Why are Cask Makers called a Cooper?
During the times of colonialization, a Cooper was a person in charge of making casks made of wood, barrels, and other containers made from and consisted of wooden staves. The timber was usually heated or steamed to be able to use and manipulate it into the shape required.
It took an apprentice seven years to learn the trade and craftsmanship of coopering, usually showing dedication to the job by sleeping in the workshop or cooperage, learning the trade directly from the master craftsman. At one time, coopers were the highest in-demand profession.
Before whiskey and spirit maturation, casks were necessary for storing a number of goods, such as ale, wine, spices, flour, gunpowder, and tobacco. To be a Cooper was a highly skilled trade, the casks were vital that they were durable for transportation and watertight away from the elements.

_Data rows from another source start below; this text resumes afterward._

(* Under every strategy, (II) makes the potential z(state) + y . (counter vector) a
   supermartingale along the computation. Freeze it at the value x as soon as counter c
   reaches x (the potential then is at least x, because y(c) is a positive integer), and at 0
   once a terminal configuration is reached; shifting the live part by a bound K on the
   one-step change keeps it a nonnegative supermartingale. Its expectation after any number
   of steps therefore gives x * P(C[c] >= x) <= z(p) + n * sum y + K from p n, and
   x = n^(1+eps) yields the claim with k = sum z + sum y + K. *)

lemma last_state_append: "last_state p (ts @ us) = last_state (last_state p ts) us"
  by (induction ts arbitrary: p) auto

lemma valid_path_append:
  "valid_path T p (ts @ us) \<longleftrightarrow> valid_path T p ts \<and> valid_path T (last_state p ts) us"
  by (induction ts arbitrary: p) auto

lemma cval_append: "i \<le> length ts \<Longrightarrow> cval v (ts @ us) i = cval v ts i"
  unfolding cval_def by (auto simp: nth_append intro!: sum.cong)

lemma cval_snoc: "cval v (ts @ [t]) (Suc (length ts)) = (\<lambda>c. cval v ts (length ts) c + upd t c)"
  unfolding cval_def by (simp add: nth_append add.assoc)

lemma lin_add: "lin y (\<lambda>c. a c + b c) = lin y a + lin y b"
  unfolding lin_def by (simp add: algebra_simps sum.distrib)

lemma lin_nonneg: "(\<And>c. 0 \<le> y c) \<Longrightarrow> (\<And>c. 0 \<le> w c) \<Longrightarrow> 0 \<le> lin y w"
  unfolding lin_def by (simp add: sum_nonneg)

lemma lin_ge_component: "(\<And>c. 0 \<le> y c) \<Longrightarrow> (\<And>c. 0 \<le> w c) \<Longrightarrow> w c * y c \<le> lin y w"
  unfolding lin_def by (rule member_le_sum) auto

lemma path_weight_snoc:
  "path_weight Qn T P \<sigma> p (ts @ [t]) = path_weight Qn T P \<sigma> p ts * step_prob Qn T P \<sigma> p ts t"
proof -
  have "(\<Prod>i<length ts. step_prob Qn T P \<sigma> p (take i (ts @ [t])) ((ts @ [t]) ! i)) =
        (\<Prod>i<length ts. step_prob Qn T P \<sigma> p (take i ts) (ts ! i))"
    by (rule prod.cong) (auto simp: nth_append)
  then show ?thesis unfolding path_weight_def by simp
qed

lemma lists_length_Suc_snoc:
  "{ts. length ts = Suc m \<and> set ts \<subseteq> A} =
   (\<lambda>(ts, t). ts @ [t]) ` ({ts. length ts = m \<and> set ts \<subseteq> A} \<times> A)"
proof (intro set_eqI iffI)
  fix us assume "us \<in> {ts. length ts = Suc m \<and> set ts \<subseteq> A}"
  moreover from this obtain ts t where "us = ts @ [t]"
    by (metis (mono_tags) length_Suc_conv_rev mem_Collect_eq)
  ultimately show "us \<in> (\<lambda>(ts, t). ts @ [t]) ` ({ts. length ts = m \<and> set ts \<subseteq> A} \<times> A)"
    by (auto simp: image_iff)
qed auto

lemma ereal_le_Sup_finite_iff:
  fixes S :: "ereal set"
  assumes "finite S"
  shows "ereal a \<le> Sup S \<longleftrightarrow> (\<exists>s\<in>S. ereal a \<le> s)"
proof (cases "S = {}")
  case False
  with assms show ?thesis by (simp add: cSup_eq_Max Max_ge_iff)
qed (simp add: bot_ereal_def)

definition alive :: "('d \<Rightarrow> int) \<Rightarrow> ('q,'d) trans list \<Rightarrow> bool" where
  "alive v ts \<longleftrightarrow> (\<forall>j\<le>length ts. \<not> terminal (cval v ts j))"

lemma alive_snocD: "alive v (ts @ [t]) \<Longrightarrow> alive v ts"
  unfolding alive_def by (metis cval_append le_SucI length_append_singleton)

lemma alive_cval_nonneg: "alive v ts \<Longrightarrow> i \<le> length ts \<Longrightarrow> 0 \<le> cval v ts i c"
  unfolding alive_def terminal_def by (meson not_le)

lemma alive_Nil: "(\<And>c. 0 \<le> v c) \<Longrightarrow> alive v []"
  unfolding alive_def terminal_def cval_def by (simp add: not_less)

lemma ereal_le_C_upto_iff:
  "ereal x \<le> C_upto v ts c \<longleftrightarrow>
   (\<exists>i\<le>length ts. (\<forall>j\<le>i. \<not> terminal (cval v ts j)) \<and> x \<le> real_of_int (cval v ts i c))"
proof -
  have "{ereal (real_of_int (cval v ts i c)) | i. i \<le> length ts \<and> (\<forall>j\<le>i. \<not> terminal (cval v ts j))} =
        (\<lambda>i. ereal (real_of_int (cval v ts i c))) ` {i. i \<le> length ts \<and> (\<forall>j\<le>i. \<not> terminal (cval v ts j))}"
    by auto
  then show ?thesis
    unfolding C_upto_def by (simp add: ereal_le_Sup_finite_iff)
qed

lemma C_upto_snoc_mono: "C_upto v ts c \<le> C_upto v (ts @ [t]) c"
  unfolding C_upto_def
proof (rule Sup_subset_mono, safe)
  fix i assume "i \<le> length ts" "\<forall>j\<le>i. \<not> terminal (cval v ts j)"
  then show "\<exists>i'. ereal (real_of_int (cval v ts i c)) = ereal (real_of_int (cval v (ts @ [t]) i' c)) \<and>
      i' \<le> length (ts @ [t]) \<and> (\<forall>j\<le>i'. \<not> terminal (cval v (ts @ [t]) j))"
    by (intro exI[of _ i]) (auto simp: cval_append)
qed

lemma ereal_le_C_upto_snocD:
  assumes "ereal x \<le> C_upto v (ts @ [t]) c" and "\<not> ereal x \<le> C_upto v ts c"
  shows "alive v (ts @ [t]) \<and> x \<le> real_of_int (cval v (ts @ [t]) (Suc (length ts)) c)"
proof -
  obtain i where i: "i \<le> Suc (length ts)" "\<forall>j\<le>i. \<not> terminal (cval v (ts @ [t]) j)"
    "x \<le> real_of_int (cval v (ts @ [t]) i c)"
    using assms(1) unfolding ereal_le_C_upto_iff by auto
  have "\<not> i \<le> length ts"
    using assms(2) i unfolding ereal_le_C_upto_iff by (metis cval_append le_trans)
  with i show ?thesis unfolding alive_def by (simp add: le_Suc_eq)
qed

definition potential ::
  "('d::finite \<Rightarrow> int) \<Rightarrow> ('q \<Rightarrow> int) \<Rightarrow> 'q \<Rightarrow> ('d \<Rightarrow> int) \<Rightarrow> ('q,'d) trans list \<Rightarrow> real" where
  "potential y z p v ts = real_of_int (z (last_state p ts) + lin y (cval v ts (length ts)))"

lemma potential_Nil: "potential y z p v [] = real_of_int (z p + lin y v)"
  unfolding potential_def cval_def by simp

lemma potential_snoc:
  assumes "fst t = last_state p ts"
  shows "potential y z p v (ts @ [t]) = potential y z p v ts + real_of_int (edge_val y z t)"
proof -
  have "lin y (cval v (ts @ [t]) (length (ts @ [t]))) = lin y (cval v ts (length ts)) + lin y (upd t)"
    using cval_snoc[of v ts t] lin_add[of y "cval v ts (length ts)" "upd t"] by simp
  with assms show ?thesis
    unfolding potential_def edge_val_def by (simp add: last_state_append)
qed

lemma potential_nonneg:
  assumes "\<And>c. 0 \<le> y c" and "\<And>q. 0 \<le> z q" and "alive v ts"
  shows "0 \<le> potential y z p v ts"
proof -
  have "0 \<le> lin y (cval v ts (length ts))"
    by (intro lin_nonneg) (use assms(1) alive_cval_nonneg[OF assms(3)] in auto)
  with assms(2)[of "last_state p ts"] show ?thesis
    by (simp add: potential_def)
qed

lemma counter_le_potential:
  assumes "\<And>c. 0 \<le> y c" and "\<And>q. 0 \<le> z q" and "alive v ts" and "0 < y c"
  shows "real_of_int (cval v ts (length ts) c) \<le> potential y z p v ts"
proof -
  let ?w = "cval v ts (length ts)"
  have w_nonneg: "0 \<le> ?w c'" for c'
    using alive_cval_nonneg[OF assms(3)] by simp
  have "?w c \<le> ?w c * y c"
    using w_nonneg[of c] \<open>0 < y c\<close> by (simp add: mult_le_cancel_left1)
  also have "\<dots> \<le> lin y ?w"
    using lin_ge_component[OF assms(1) w_nonneg] .
  also have "\<dots> \<le> z (last_state p ts) + lin y ?w"
    using assms(2) by simp
  finally show ?thesis unfolding potential_def by linarith
qed

definition stopped_potential ::
  "('d::finite \<Rightarrow> int) \<Rightarrow> ('q \<Rightarrow> int) \<Rightarrow> real \<Rightarrow> 'q \<Rightarrow> ('d \<Rightarrow> int) \<Rightarrow> 'd \<Rightarrow> real \<Rightarrow>
   ('q,'d) trans list \<Rightarrow> real" where
  "stopped_potential y z K p v c x ts =
     (if ereal x \<le> C_upto v ts c then x
      else if alive v ts then potential y z p v ts + K else 0)"

lemma stopped_potential_nonneg:
  assumes "\<And>c. 0 \<le> y c" and "\<And>q. 0 \<le> z q" and "0 \<le> x" and "0 \<le> K"
  shows "0 \<le> stopped_potential y z K p v c x ts"
  using assms potential_nonneg[where y = y and z = z and p = p and v = v and ts = ts]
  by (simp add: stopped_potential_def)

lemma stopped_potential_le_initial:
  fixes y :: "'d::finite \<Rightarrow> int" and p :: 'q
  assumes "\<And>c. 0 \<le> y c" and "\<And>q. 0 \<le> z q" and "0 < y c" and "0 \<le> K" and "\<And>c. 0 \<le> v c"
  shows "stopped_potential y z K p v c x [] \<le> real_of_int (z p + lin y v) + K"
proof -
  let ?nil = "[] :: ('q,'d) trans list"
  have alive: "alive v ?nil"
    using assms(5) by (rule alive_Nil)
  from counter_le_potential[where y = y and z = z and v = v and ts = ?nil and c = c and p = p]
  have "x \<le> real_of_int (z p + lin y v)" if "ereal x \<le> C_upto v ?nil c"
    using that assms alive by (simp add: ereal_le_C_upto_iff potential_Nil cval_def)
  with alive assms(4) show ?thesis
    by (auto simp: stopped_potential_def potential_Nil)
qed

lemma stopped_potential_snoc_le:
  assumes "\<And>c. 0 \<le> y c" and "\<And>q. 0 \<le> z q" and "0 < y c"
    and "\<bar>real_of_int (edge_val y z t)\<bar> \<le> K" and "fst t = last_state p ts"
    and "\<not> ereal x \<le> C_upto v ts c" and "alive v ts"
  shows "stopped_potential y z K p v c x (ts @ [t])
    \<le> potential y z p v ts + K + real_of_int (edge_val y z t)"
proof (cases "ereal x \<le> C_upto v (ts @ [t]) c")
  case True
  from ereal_le_C_upto_snocD[OF True assms(6)]
  have "alive v (ts @ [t])" and "x \<le> real_of_int (cval v (ts @ [t]) (Suc (length ts)) c)"
    by auto
  then have "x \<le> potential y z p v (ts @ [t])"
    using assms(1-3) counter_le_potential[where y = y and z = z and p = p and v = v and ts = "ts @ [t]"]
    by fastforce
  with True assms(4) show ?thesis
    by (simp add: stopped_potential_def potential_snoc[OF assms(5)])
next
  case False
  have "0 \<le> potential y z p v ts"
    using assms(1,2,7) by (rule potential_nonneg)
  with False assms(4) show ?thesis
    by (auto simp: stopped_potential_def potential_snoc[OF assms(5)])
qed

lemma initial_potential_le_linear:
  fixes z :: "'q::finite \<Rightarrow> int" and y :: "'d::finite \<Rightarrow> int"
  assumes "\<And>q. 0 \<le> z q" and "0 \<le> K" and "1 \<le> n"
  shows "real_of_int (z p + lin y (\<lambda>_. int n)) + K
    \<le> real n * ((\<Sum>q\<in>UNIV. real_of_int (z q)) + (\<Sum>c\<in>UNIV. real_of_int (y c)) + K)"
proof -
  have "real_of_int (z p) \<le> (\<Sum>q\<in>UNIV. real_of_int (z q))"
    using assms(1) by (intro member_le_sum) auto
  also have "\<dots> \<le> real n * (\<Sum>q\<in>UNIV. real_of_int (z q))"
    using assms(1,3) sum_nonneg[of UNIV "\<lambda>q. real_of_int (z q)"]
    by (simp add: mult_le_cancel_right1)
  finally have "real_of_int (z p) \<le> real n * (\<Sum>q\<in>UNIV. real_of_int (z q))" .
  moreover have "real_of_int (lin y (\<lambda>_. int n)) = real n * (\<Sum>c\<in>UNIV. real_of_int (y c))"
    by (simp add: lin_def sum_distrib_left)
  moreover have "K \<le> real n * K"
    using assms(2,3) by (simp add: mult_le_cancel_right1)
  ultimately show ?thesis by (simp add: algebra_simps)
qed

Defects in a cask could cause leakages, air to penetrate the cask and spoil the contents or become weak in transport. Therefore, the cooper's work always had to be perfect... not an easy task. That is why coopers are held in such high regard due to their dedication to the craft.
Coopers have a varied skillset, a new-age artisan engineer, while also creating a strong rapport with distillers and blenders.
Barrels used in Maturation
The barrels used to age alcohol are often front and center when talking about whiskey. Images of cellars and rickhouses full of barrels are prominent on websites and in marketing materials, and many producers emphasise the advantages of the toast or char level they’ve chosen to use. However, the coopers who make and repair these iconic vessels work largely behind the scenes. With over 65% of flavour actually coming from the wood of the barrel itself.
Distillery coopers are also responsible for repairs and for bringing aged/used barrels back to life. These days it’s more important how the whiskey reacts with the wood rather than how it cosmetically looks. The flavours come from the inside of the cask, not the outside. It doesn’t matter how it looks, it’s how it reacts with the whiskey.